# It Came! I Have a Real Holster! LOL!



## SuckLead (Jul 4, 2006)

I actually have a decent holster for my revolver! It came today, a Don Hume J.I.T. Slide holster. I'd still like that Galco I found, but that will come in time. 

Here it is!


----------



## Mike Barham (Mar 30, 2006)

Infidel.





(Glad you got a decent holster! :mrgreen


----------



## SuckLead (Jul 4, 2006)

Haha! I'll probably still have to get the Galco pretty soon because I'm sure someone is going to have a problem with this holster.


----------



## Mike Barham (Mar 30, 2006)

Just don't sit in any chairs with thick/wide armrests!

When I took LFI-1, Mas Ayoob told this funny story about being in Florida. He was carrying a custom 1911 in a belt slide holster. He saw a pretty woman lounging at the poolside at his hotel, and sat down to chat her up. As he sat, the pistol caught on the chair and was lifted out of the holster. The gun clunked onto the concrete right in front of the woman.

Reeeeeeeeeeeeeeeeeeeally smooth! :mrgreen:


----------



## SuckLead (Jul 4, 2006)

LOL! I've got that covered. We're not suppossed to sit down at work all day, and I take it off at lunch (where I eat usually sells alcohol). But I cannot imagine how weird that situation must be. Did he get the girl? LOL!


----------



## Charlie (May 13, 2006)

Congrats! Don Hume makes good holsters. I have three of them (yes Mike, I have some Galcos also).

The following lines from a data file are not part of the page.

(* Let $n<m$ and consider the uniform-threshold game $G_t=\langle n,m,p,t\rangle$. (i) If $\frac{1}{\lceil 2m/n\rceil-1}<p\le\frac{1}{\lceil m/n\rceil}$ and $t>p-\frac{p(\lfloor 1/p\rfloor+1)-1}{\lceil 2m/n\rceil-\lfloor 1/p\rfloor}$, let $s^*$ be a pure equilibrium with $w_j(s^* )=p$ for all $j$. (ii) If $p>\frac{1}{\lceil m/n\rceil}$ and there is $\epsilon>0$ with $t\ge(1-\frac nm)\frac nm+\epsilon$ when $m\bmod n=0$, and $t\ge \frac{1}{\lceil m/n\rceil}$ otherwise, let $s^*$ be a pure equilibrium with $w_j(s^* )=\frac{1}{\lceil m/n\rceil}$ for all $j$. In both cases $s^*$ maximizes the users' social welfare, i.e. $SW(s^* )\ge SW(s)$ for every strategy profile $s$, where $SW(s)=-\max_{1\le j\le m}|p-w_j(s)|$, and it maximizes publishers' exposure: every query is won by some player.
   Context: Setting: integers $n,m$ with $n<m$ ($n$ players, queries $q_1,\dots,q_m$), a peak value $p\in(0,1]$ and a score function $f:[0,1]\to[0,1]$ single-peaked at $p$ ($p$ is the unique point such that $f$ is non-decreasing on $[0,p]$ and non-increasing on $[p,1]$). Each player $i$ chooses $d_i\in D=\{d\in[0,1]^m:\sum_j d^j\le1\}$, with score $f(d_i^j)$ for $q_j$; $s=(d_1,\dots,d_n)$ is a strategy profile. In the game $G_t=\langle n,m,p,t\rangle$ (uniform threshold $t$ for every query), player $i$'s document is eligible for $q_j$ iff $d_i^j\ge t$; among eligible documents those of highest score are the winners of $q_j$; if $q_j$ has $h_j(s)$ winners each receives $1/h_j(s)$, and a query with no eligible document is won by no player. $w_j(s)$ denotes the value $d_i^j$ of a winner of $q_j$ ($0$ if there is none). A pure equilibrium is a pure Nash equilibrium (no player can strictly increase her utility by a unilateral change of document) in which every query has at least one winner. Such equilibria $s^*$ exist under the hypotheses of (i) and (ii). *)

theory Defs
  imports Complex_Main
begin

text \<open>Players are indexed by i < n, queries by j < m. A document is a function
  d :: nat \<Rightarrow> real (only the entries j < m matter); a strategy profile is
  s :: nat \<Rightarrow> nat \<Rightarrow> real with s i = d_i, i.e. s i j = d_i^j.\<close>

definition doc_space :: "nat \<Rightarrow> (nat \<Rightarrow> real) set" where
  "doc_space m = {d. (\<forall>j<m. 0 \<le> d j \<and> d j \<le> 1) \<and> (\<Sum>j<m. d j) \<le> 1}"

definition profile :: "nat \<Rightarrow> nat \<Rightarrow> (nat \<Rightarrow> nat \<Rightarrow> real) \<Rightarrow> bool" where
  "profile n m s \<longleftrightarrow> (\<forall>i<n. s i \<in> doc_space m)"

definition peak_at :: "(real \<Rightarrow> real) \<Rightarrow> real \<Rightarrow> bool" where
  "peak_at f q \<longleftrightarrow> q \<in> {0..1} \<and> monotone_on {0..q} (\<le>) (\<le>) f \<and> monotone_on {q..1} (\<le>) (\<ge>) f"

definition single_peaked :: "(real \<Rightarrow> real) \<Rightarrow> real \<Rightarrow> bool" where
  "single_peaked f p \<longleftrightarrow> (\<forall>x\<in>{0..1}. f x \<in> {0..1}) \<and> peak_at f p \<and>
     (\<forall>q. peak_at f q \<longrightarrow> q = p)"

definition winners :: "nat \<Rightarrow> (real \<Rightarrow> real) \<Rightarrow> real \<Rightarrow> (nat \<Rightarrow> nat \<Rightarrow> real) \<Rightarrow> nat \<Rightarrow> nat set" where
  "winners n f t s j = {i. i < n \<and> t \<le> s i j \<and>
      (\<forall>k<n. t \<le> s k j \<longrightarrow> f (s k j) \<le> f (s i j))}"

definition utility :: "nat \<Rightarrow> nat \<Rightarrow> (real \<Rightarrow> real) \<Rightarrow> real \<Rightarrow> (nat \<Rightarrow> nat \<Rightarrow> real) \<Rightarrow> nat \<Rightarrow> real" where
  "utility n m f t s i = (\<Sum>j<m. if i \<in> winners n f t s j
        then 1 / real (card (winners n f t s j)) else 0)"

definition pure_NE :: "nat \<Rightarrow> nat \<Rightarrow> (real \<Rightarrow> real) \<Rightarrow> real \<Rightarrow> (nat \<Rightarrow> nat \<Rightarrow> real) \<Rightarrow> bool" where
  "pure_NE n m f t s \<longleftrightarrow> profile n m s \<and>
     (\<forall>i<n. \<forall>d\<in>doc_space m. utility n m f t (s(i := d)) i \<le> utility n m f t s i)"

definition pure_equilibrium :: "nat \<Rightarrow> nat \<Rightarrow> (real \<Rightarrow> real) \<Rightarrow> real \<Rightarrow> (nat \<Rightarrow> nat \<Rightarrow> real) \<Rightarrow> bool" where
  "pure_equilibrium n m f t s \<longleftrightarrow> pure_NE n m f t s \<and> (\<forall>j<m. winners n f t s j \<noteq> {})"

text \<open>w_j(s): the value d_i^j of a (chosen) winner i of q_j, 0 if there is none.\<close>
definition win_val :: "nat \<Rightarrow> (real \<Rightarrow> real) \<Rightarrow> real \<Rightarrow> (nat \<Rightarrow> nat \<Rightarrow> real) \<Rightarrow> nat \<Rightarrow> real" where
  "win_val n f t s j = (if winners n f t s j = {} then 0
      else s (SOME i. i \<in> winners n f t s j) j)"

definition SW :: "nat \<Rightarrow> nat \<Rightarrow> real \<Rightarrow> (real \<Rightarrow> real) \<Rightarrow> real \<Rightarrow> (nat \<Rightarrow> nat \<Rightarrow> real) \<Rightarrow> real" where
  "SW n m p f t s = - Max ((\<lambda>j. \<bar>p - win_val n f t s j\<bar>) ` {..<m})"

end

theory Submission
  imports Defs
begin

text \<open>Only the winning values of the equilibrium matter: the conditions on t and f
  guarantee that such an equilibrium exists, but optimality is a statement about
  all profiles. In case (i) every query is won exactly at the peak, so SW = 0, the
  largest possible value. In case (ii) let c = \<lceil>m/n\<rceil>. If in some profile every
  query were won with a value above 1/c, each player would win fewer than c queries,
  since her entries sum to at most 1; the n players would then cover at most
  n(c - 1) < m queries. So every profile has a query with w_j \<le> 1/c < p, whence
  SW \<le> -(p - 1/c), which is the welfare of the equilibrium.\<close>

lemma SW_le_win_val_dist:
  assumes "j < m"
  shows "SW n m p f t s \<le> - \<bar>p - win_val n f t s j\<bar>"
  using assms unfolding SW_def by (simp add: Max_ge)

lemma SW_const_win_val:
  assumes "0 < m" and "\<forall>j<m. win_val n f t s j = v"
  shows "SW n m p f t s = - \<bar>p - v\<bar>"
proof -
  have "(\<lambda>j. \<bar>p - win_val n f t s j\<bar>) ` {..<m} = {\<bar>p - v\<bar>}"
    using assms by auto
  then show ?thesis unfolding SW_def by simp
qed

lemma win_val_nonzero_obtains_winner:
  assumes "win_val n f t s j \<noteq> 0"
  shows "\<exists>i<n. win_val n f t s j = s i j"
proof -
  have "winners n f t s j \<noteq> {}" using assms unfolding win_val_def by auto
  then have "(SOME i. i \<in> winners n f t s j) \<in> winners n f t s j" by (simp add: some_in_eq)
  with assms show ?thesis unfolding win_val_def winners_def by auto
qed

lemma doc_space_card_entries_gt_inverse:
  assumes d: "d \<in> doc_space m" and S: "S \<subseteq> {..<m}" and c: "0 < c"
    and gt: "\<forall>j\<in>S. d j > 1 / real c"
  shows "card S < c"
proof (rule ccontr)
  assume "\<not> card S < c"
  then have card: "real c \<le> real (card S)" by simp
  then have "S \<noteq> {}" using c by auto
  have "finite S" using S finite_subset by blast
  have "(\<Sum>j\<in>S. 1 / real c) \<ge> 1"
    using card c by (simp add: field_simps)
  moreover have "(\<Sum>j\<in>S. 1 / real c) < (\<Sum>j\<in>S. d j)"
    using \<open>finite S\<close> \<open>S \<noteq> {}\<close> gt by (intro sum_strict_mono) auto
  moreover have "(\<Sum>j\<in>S. d j) \<le> (\<Sum>j<m. d j)"
    using d S unfolding doc_space_def by (intro sum_mono2) auto
  moreover have "(\<Sum>j<m. d j) \<le> 1" using d unfolding doc_space_def by simp
  ultimately show False by linarith
qed

lemma profile_ex_win_val_le_inverse:
  assumes prof: "profile n m s" and c: "1 \<le> c" and few: "n * (c - 1) < m"
  shows "\<exists>j<m. win_val n f t s j \<le> 1 / real c"
proof (rule ccontr)
  assume "\<not> ?thesis"
  then have big: "\<forall>j<m. win_val n f t s j > 1 / real c" by force
  have "0 < 1 / real c" using c by simp
  with big have "\<forall>j<m. win_val n f t s j \<noteq> 0" by force
  then have "\<forall>j<m. \<exists>i<n. win_val n f t s j = s i j"
    using win_val_nonzero_obtains_winner by blast
  then obtain g where g: "\<forall>j<m. g j < n \<and> win_val n f t s j = s (g j) j" by metis
  define won where "won i = {j. j < m \<and> g j = i}" for i
  have won_card: "card (won i) \<le> c - 1" if "i < n" for i
  proof -
    have "s i \<in> doc_space m" using prof that unfolding profile_def by blast
    moreover have "\<forall>j\<in>won i. s i j > 1 / real c" using big g unfolding won_def by auto
    moreover have "won i \<subseteq> {..<m}" unfolding won_def by auto
    ultimately have "card (won i) < c"
      using c by (intro doc_space_card_entries_gt_inverse) auto
    then show ?thesis by simp
  qed
  have "{..<m} = (\<Union>i<n. won i)" using g unfolding won_def by auto
  then have "m = card (\<Union>i<n. won i)" by (metis card_lessThan)
  also have "\<dots> \<le> (\<Sum>i<n. card (won i))" by (rule card_UN_le) simp
  also have "\<dots> \<le> (\<Sum>i<n. c - 1)" by (intro sum_mono won_card) simp
  also have "\<dots> = n * (c - 1)" by simp
  finally show False using few by simp
qed

lemma nat_ceiling_divide:
  fixes m n :: nat
  assumes "0 < n" and "0 < m"
  obtains c :: nat where "of_int \<lceil>real m / real n\<rceil> = real c" and "1 \<le> c" and "n * (c - 1) < m"
proof
  let ?c = "nat \<lceil>real m / real n\<rceil>"
  have "0 < real m / real n" using assms by simp
  then show cint: "of_int \<lceil>real m / real n\<rceil> = real ?c" and c: "1 \<le> ?c"
    using le_of_int_ceiling[of "real m / real n"] by linarith+
  have "real ?c - 1 < real m / real n" using cint ceiling_correct[of "real m / real n"] by linarith
  then have "real (n * (?c - 1)) < real m" using assms(1) c by (simp add: of_nat_diff field_simps)
  then show "n * (?c - 1) < m" by linarith
qed

theorem lemma2:
  fixes n m :: nat and p t :: real and f :: "real \<Rightarrow> real"
    and s :: "nat \<Rightarrow> nat \<Rightarrow> real"
  assumes "0 < n" and "n < m"
    and "0 < p" and "p \<le> 1"
    and "single_peaked f p"
    and "pure_equilibrium n m f t s"
    and "( 1 / (of_int \<lceil>2 * real m / real n\<rceil> - 1) < p
           \<and> p \<le> 1 / of_int \<lceil>real m / real n\<rceil>
           \<and> t > p - (p * (of_int \<lfloor>1 / p\<rfloor> + 1) - 1)
                     / (of_int \<lceil>2 * real m / real n\<rceil> - of_int \<lfloor>1 / p\<rfloor>)
           \<and> (\<forall>j<m. win_val n f t s j = p) )
       \<or> ( p > 1 / of_int \<lceil>real m / real n\<rceil>
           \<and> (\<exists>\<epsilon>>0. (m mod n = 0 \<longrightarrow> t \<ge> (1 - real n / real m) * (real n / real m) + \<epsilon>)
                    \<and> (m mod n \<noteq> 0 \<longrightarrow> t \<ge> 1 / of_int \<lceil>real m / real n\<rceil>))
           \<and> (\<forall>j<m. win_val n f t s j = 1 / of_int \<lceil>real m / real n\<rceil>) )"
  shows "(\<forall>s'. profile n m s' \<longrightarrow> SW n m p f t s' \<le> SW n m p f t s)
         \<and> (\<forall>j<m. winners n f t s j \<noteq> {})"
proof (intro conjI allI impI)
  fix s' assume prof: "profile n m s'"
  have "0 < m" using assms(2) by simp
  from assms(7) show "SW n m p f t s' \<le> SW n m p f t s"
  proof (elim disjE conjE)
    assume "\<forall>j<m. win_val n f t s j = p"
    then have "SW n m p f t s = 0" using SW_const_win_val[OF \<open>0 < m\<close>, of n f t s p p] by simp
    then show ?thesis using SW_le_win_val_dist[OF \<open>0 < m\<close>] by (smt (verit))
  next
    assume "p > 1 / of_int \<lceil>real m / real n\<rceil>"
      and "\<forall>j<m. win_val n f t s j = 1 / of_int \<lceil>real m / real n\<rceil>"
    moreover obtain c where cint: "of_int \<lceil>real m / real n\<rceil> = real c"
      and "1 \<le> c" and "n * (c - 1) < m"
      using nat_ceiling_divide assms(1) \<open>0 < m\<close> .
    ultimately have "p > 1 / real c" and "\<forall>j<m. win_val n f t s j = 1 / real c"
      using cint by auto
    moreover from this(2) have "SW n m p f t s = - \<bar>p - 1 / real c\<bar>"
      by (rule SW_const_win_val[OF \<open>0 < m\<close>])
    moreover obtain j where "j < m" and "win_val n f t s' j \<le> 1 / real c"
      using profile_ex_win_val_le_inverse[OF prof \<open>1 \<le> c\<close> \<open>n * (c - 1) < m\<close>] by blast
    ultimately show ?thesis using SW_le_win_val_dist[of j m] by (smt (verit))
  qed
next
  fix j assume "j < m"
  then show "winners n f t s j \<noteq> {}" using assms(6) unfolding pure_equilibrium_def by blast
qed

end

Any good holster makes a good carry gun even better.


----------



## Mike Barham (Mar 30, 2006)

Charlie said:


> Congrats! Don Hume makes good holsters. I have three of them (yes Mike, I have some Galcos also). Any good holster makes a good carry gun even better.


Thanks, Charlie! Galco doesn't make P7 holsters, anyway, so you'd have to shop elsewhere for that very excellent pistol.

As we say at Galco, a pistol without a holster is just an expensive doorstop.

As far as Mas goes...I think he was married at the time, so the awkwardness of the gravity-powered 1911 probably saved him not-inconsiderable grief in the long run. I had dinner with Mas a few times, and he's an incorrigible flirt. Waitresses, (female) students, our hostess at the range, you name it. Lots of funny Ayoob stories.


----------